(Records from a data source)
<<<<

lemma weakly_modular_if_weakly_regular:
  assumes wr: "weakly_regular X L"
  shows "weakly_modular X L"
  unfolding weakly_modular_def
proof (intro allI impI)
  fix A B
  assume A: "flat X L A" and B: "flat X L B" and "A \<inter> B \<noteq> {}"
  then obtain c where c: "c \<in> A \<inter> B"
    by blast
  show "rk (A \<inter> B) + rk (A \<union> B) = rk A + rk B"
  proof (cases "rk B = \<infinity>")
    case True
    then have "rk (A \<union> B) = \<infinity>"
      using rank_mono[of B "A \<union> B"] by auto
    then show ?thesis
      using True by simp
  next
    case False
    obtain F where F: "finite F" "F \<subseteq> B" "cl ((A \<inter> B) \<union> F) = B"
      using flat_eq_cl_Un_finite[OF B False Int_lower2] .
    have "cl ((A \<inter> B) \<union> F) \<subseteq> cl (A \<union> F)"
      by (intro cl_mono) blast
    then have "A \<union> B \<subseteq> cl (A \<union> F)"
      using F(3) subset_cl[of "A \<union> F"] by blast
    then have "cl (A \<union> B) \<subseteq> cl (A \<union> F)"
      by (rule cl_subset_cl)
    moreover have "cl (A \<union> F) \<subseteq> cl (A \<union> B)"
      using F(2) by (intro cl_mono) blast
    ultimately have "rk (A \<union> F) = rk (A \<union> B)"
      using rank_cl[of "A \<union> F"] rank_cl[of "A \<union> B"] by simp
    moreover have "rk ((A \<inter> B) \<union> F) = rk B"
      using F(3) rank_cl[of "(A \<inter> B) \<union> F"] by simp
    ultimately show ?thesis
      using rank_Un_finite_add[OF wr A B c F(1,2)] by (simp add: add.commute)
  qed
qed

>>>>

Activity — Write the number of lines above that contain the string "simp", and nothing besides.

Answer to the problem — 4